Introduce the types of player characters one game at a time:

Hotshot

Have the kids mime holding a firehose. Explain that a Hotshot Team are the firefighters on the ground with hoses and shovels who work to put out forest fires.  (This is where the term comes from!)

A Hotshot gets 2 moves per round. Each move can be either: 1) Putting out a Fire (removing a counter) from their own or an adjacent square (N, S, E, W or diagonally), or 2) Moving one square N, S, E or W. Moving one square off the board, like at the beginning, is allowed. No square can have more than one player on it at a time.

To begin the game, explain that it takes time to get Hotshot Teams to a forest fire. Because of this, the fire has time to spread. Add 2 rounds’ worth of fires to the board (one roll for each player) then have the players begin.

Smoke Jumpers

Have the kids mime holding onto the straps of their parachute. Explain that a Fire Jumper parachutes into the forest near a fire. Because of this, they can’t carry as much, but once they hike out they can jump in again anywhere they’re needed.

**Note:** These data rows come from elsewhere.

lemma stationary_pos:
  assumes M: "stochastic M" and erg: "ergodic M" and q: "stationary M q"
  shows "0 < q s"
proof -
  obtain n where pos: "\<forall>s t. 0 < mpow M n s t" using erg by (auto simp: ergodic_def)
  have q_nonneg: "\<forall>u. 0 \<le> q u" and "sum q UNIV = 1" using stationaryD [OF q] by auto
  have "\<exists>u. 0 < q u"
  proof (rule ccontr)
    assume "\<not> (\<exists>u. 0 < q u)"
    then have "sum q UNIV \<le> 0" by (simp add: not_less sum_nonpos)
    with \<open>sum q UNIV = 1\<close> show False by simp
  qed
  then obtain u where u: "0 < q u" ..
  have "0 < q u * mpow M n u s" using u pos by simp
  also have "\<dots> \<le> (\<Sum>v\<in>UNIV. q v * mpow M n v s)"
  proof (rule member_le_sum)
    show "0 \<le> q v * mpow M n v s" for v using q_nonneg pos by (simp add: order_less_imp_le)
  qed auto
  also have "\<dots> = q s" by (rule stationary_mpow [OF q, symmetric])
  finally show ?thesis .
qed

lemma dim_null_space_add_rank:
  fixes A :: "real^'n^'n"
  shows "dim {x. A *v x = 0} + rank A = CARD('n)"
proof -
  let ?R = "span (rows A)"
  have "{y \<in> UNIV. \<forall>x\<in>?R. orthogonal x y} = {x. A *v x = 0}"
  proof (intro set_eqI iffI)
    fix y assume "y \<in> {y \<in> UNIV. \<forall>x\<in>?R. orthogonal x y}"
    then have "\<forall>i. inner (A $ i) y = 0"
      by (auto simp: rows_def orthogonal_def row_def vec_lambda_eta intro: span_base)
    then show "y \<in> {x. A *v x = 0}" by (simp add: vec_eq_iff matrix_vector_mul_component)
  next
    fix y assume "y \<in> {x. A *v x = 0}"
    then have "\<forall>i. inner (A $ i) y = 0" by (simp add: vec_eq_iff matrix_vector_mul_component)
    then have "orthogonal y x" if "x \<in> rows A" for x
      using that by (auto simp: rows_def orthogonal_def row_def vec_lambda_eta inner_commute)
    then have "orthogonal y x" if "x \<in> ?R" for x
      using that orthogonal_to_span by blast
    then show "y \<in> {y \<in> UNIV. \<forall>x\<in>?R. orthogonal x y}"
      by (simp add: orthogonal_commute)
  qed
  moreover have "dim {y \<in> UNIV. \<forall>x\<in>?R. orthogonal x y} + dim ?R = dim (UNIV :: (real^'n) set)"
    by (rule dim_subspace_orthogonal_to_vectors) auto
  ultimately show ?thesis by (simp add: row_rank_def)
qed

definition laplacian :: "('s::finite \<Rightarrow> 's \<Rightarrow> real) \<Rightarrow> real^'s^'s" where
  "laplacian M = (\<chi> s t. (if s = t then 1 else 0) - M s t)"

lemma laplacian_mult_vec: "(laplacian M *v x) $ s = x $ s - (\<Sum>t\<in>UNIV. M s t * x $ t)"
  by (simp add: laplacian_def matrix_vector_mult_def left_diff_distrib sum_subtractf
      if_distrib [of "\<lambda>c. c * _"] cong: if_cong)

lemma laplacian_mult_vec_eq_0: "laplacian M *v x = 0 \<longleftrightarrow> (\<forall>s. x $ s = (\<Sum>t\<in>UNIV. M s t * x $ t))"
  by (simp add: vec_eq_iff laplacian_mult_vec)

lemma vec_mult_laplacian: "(y v* laplacian M) $ t = y $ t - (\<Sum>s\<in>UNIV. y $ s * M s t)"
  by (simp add: laplacian_def vector_matrix_mult_def right_diff_distrib sum_subtractf
      if_distrib [of "\<lambda>c. _ * c"] cong: if_cong)

lemma stationary_iff_left_null:
  "stationary M q \<longleftrightarrow> (\<forall>s. 0 \<le> q s) \<and> (\<Sum>s\<in>UNIV. q s) = 1 \<and> (\<chi> s. q s) v* laplacian M = 0"
proof -
  have "(\<chi> s. q s) v* laplacian M = 0 \<longleftrightarrow> (\<forall>t. q t = (\<Sum>s\<in>UNIV. q s * M s t))"
    by (simp only: vec_eq_iff vec_mult_laplacian vec_lambda_beta zero_index right_minus_eq)
  then show ?thesis unfolding stationary_def by blast
qed

lemma null_space_laplacian:
  assumes M: "stochastic M" and erg: "ergodic M"
  shows "{x. laplacian M *v x = 0} = span {vec 1}"
proof
  show "{x. laplacian M *v x = 0} \<subseteq> span {vec 1}"
  proof
    fix x assume "x \<in> {x. laplacian M *v x = 0}"
    then have "\<forall>s. x $ s = (\<Sum>t\<in>UNIV. M s t * x $ t)"
      using laplacian_mult_vec_eq_0 by blast
    define c where "c = x $ undefined"
    have "x $ s = c" for s
      unfolding c_def by (rule ergodic_harmonic_const [OF M erg]) fact
    then have "x = c *\<^sub>R vec 1" by (simp add: vec_eq_iff)
    then show "x \<in> span {vec 1}" by (simp add: span_base span_scale)
  qed
  have "subspace {x. laplacian M *v x = 0}"
    by (simp add: subspace_def matrix_vector_right_distrib matrix_vector_mult_scaleR)
  moreover have "laplacian M *v vec 1 = 0"
    using M by (simp add: vec_eq_iff laplacian_mult_vec stochastic_def)
  ultimately show "span {vec 1} \<subseteq> {x. laplacian M *v x = 0}"
    by (intro span_minimal) auto
qed

lemma rank_laplacian:
  fixes M :: "'s::finite \<Rightarrow> 's \<Rightarrow> real"
  assumes M: "stochastic M" and erg: "ergodic M"
  shows "rank (laplacian M) = CARD('s) - 1"
proof -
  have "dim {x. laplacian M *v x = 0} = 1"
    using null_space_laplacian [OF M erg] by (simp add: vec_eq_iff)
  then show ?thesis using dim_null_space_add_rank [of "laplacian M"] by simp
qed

lemma abs_left_invariant:
  assumes M: "stochastic M" and y: "\<forall>t. y t = (\<Sum>s\<in>UNIV. y s * M s t)"
  shows "\<bar>y t\<bar> = (\<Sum>s\<in>UNIV. \<bar>y s\<bar> * M s t)"
proof -
  have M_nonneg: "0 \<le> M s t" for s t using M by (simp add: stochastic_def)
  have le: "\<bar>y t\<bar> \<le> (\<Sum>s\<in>UNIV. \<bar>y s\<bar> * M s t)" for t
  proof -
    have "\<bar>y t\<bar> = \<bar>\<Sum>s\<in>UNIV. y s * M s t\<bar>" by (subst y [rule_format]) rule
    also have "\<dots> \<le> (\<Sum>s\<in>UNIV. \<bar>y s\<bar> * M s t)"
      using sum_abs [of "\<lambda>s. y s * M s t" UNIV] by (simp add: abs_mult M_nonneg)
    finally show ?thesis .
  qed
  \<comment> \<open>Both sides of \<open>le\<close> have the same total mass, so \<open>le\<close> is an equality.\<close>
  have "(\<Sum>t\<in>UNIV. \<Sum>s\<in>UNIV. \<bar>y s\<bar> * M s t) = (\<Sum>s\<in>UNIV. \<bar>y s\<bar> * (\<Sum>t\<in>UNIV. M s t))"
    by (subst sum.swap) (simp only: sum_distrib_left)
  also have "\<dots> = (\<Sum>t\<in>UNIV. \<bar>y t\<bar>)" using M by (simp add: stochastic_def)
  finally have "(\<Sum>t\<in>UNIV. (\<Sum>s\<in>UNIV. \<bar>y s\<bar> * M s t) - \<bar>y t\<bar>) = 0"
    by (simp add: sum_subtractf)
  then show ?thesis
    using le sum_nonneg_eq_0_iff [of UNIV "\<lambda>t. (\<Sum>s\<in>UNIV. \<bar>y s\<bar> * M s t) - \<bar>y t\<bar>"] by auto
qed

A Smoke Jumper gets 2 moves per round. Like the Hotshot, each move can be either: 1) Putting out a fire (removing a counter) from their own or an adjacent square (N, S, E, W or diagonally), or 2) Moving one square N, S, E or W. Because they have less gear, however, Fire Jumpers can only put out 1 fire per square. They also have a special ability: Upon moving off the board, they can “jump” to any square on the board. (Moving off the board and jumping count as one action.)

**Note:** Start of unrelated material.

(* Let $(G,X,\Gamma)$ be a $(\mu,\nu)$-path system group containing a $\delta$-constricting element $(g,A)$ with $\delta$-constricting map $\pi_A\colon X\to A$. There exists $\theta\ge0$ such that for all $x,x'\in X$ and all $m\in\mathbb Z$, $$d_A(x,g^mx')\ge |m|\,[g]^\infty-d_A(x,x')-\theta.$$
   Context: A path is a rectifiable continuous map $\alpha\colon[a,b]\to X$ parametrised by arc length; it is a $(\kappa,\lambda)$-quasi-geodesic if $d(\alpha(t),\alpha(t'))\le|t-t'|\le\kappa d(\alpha(t),\alpha(t'))+\lambda$. A $(\mu,\nu)$-path system group $(G,X,\Gamma)$ is a group $G$ acting properly by isometries on a geodesic metric space $X$ together with a $G$-invariant collection $\Gamma$ of paths closed under subpaths, such that any two points are joined by an element of $\Gamma$ and every element is a $(\mu,\nu)$-quasi-geodesic. A map $\pi_A\colon X\to A$ is $\delta$-constricting if (CS1) $d(x,\pi_A(x))\le\delta$ for $x\in A$, and (CS2) for all $x,y\in X$ and $\gamma\in\Gamma$ joining them, if $d(\pi_A(x),\pi_A(y))>\delta$ then $\gamma$ meets $B_X(\pi_A(x),\delta)$ and $B_X(\pi_A(y),\delta)$. An element $g$ is $\delta$-constricting, written $(g,A)$, if it has infinite order and $A$ is a $\langle g\rangle$-invariant subset with a $\delta$-constricting map $\pi_A$, on which $\langle g\rangle$ acts $\delta$-coboundedly. $d_A(x,y)=d(\pi_A(x),\pi_A(y))$. The asymptotic translation length is $[g]^\infty=\limsup_{m\to\infty}\frac1m d(o,g^mo)$ for any $o\in X$. *)

theory Defs
  imports "HOL-Analysis.Analysis" "HOL-Algebra.Group_Action"
begin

Add 2 rounds’ worth of Fires to the board, then have the players begin.

Pilots

Have the kids make an airplane with they hand (palm flat, index and ring finger together under the middle finger, pinky and thumb out to the sides). (If this is too hard, just pretend to be holding the flying yoke.) Explain that Pilots fly modified seaplanes which land on a body of water, fill a large tank, and then dump the water directly onto a fire.

Movement-wise, the pilot works a little differently. Every other turn, they must leave the board to refill their water tanks. (The players each pick their piece up and hold it in their hand.) The next turn, however, they can put out all the fire on any 3 squares in a row (N, S, E, W or diagonally).

Add 2 rounds’ worth of fires to the board. When the kids begin, remind them that they must first leave the board to fill up–so there’s actually three rounds of Fires added before they can begin putting them out!

Mixed Game

Now we put the pieces together. Let the kids decide (and encourage them to discuss strategically) what each would like to be: a Hotshot, a Smoke Jumper, or a Pilot. Explain how fighting forest fires is a team effort, with people in different specialties doing different jobs. (Now we understand the pantomiming; it’s to keep everyone’s role straight!)

Add 2 rounds’ worth of fires to the board, and have the kids begin!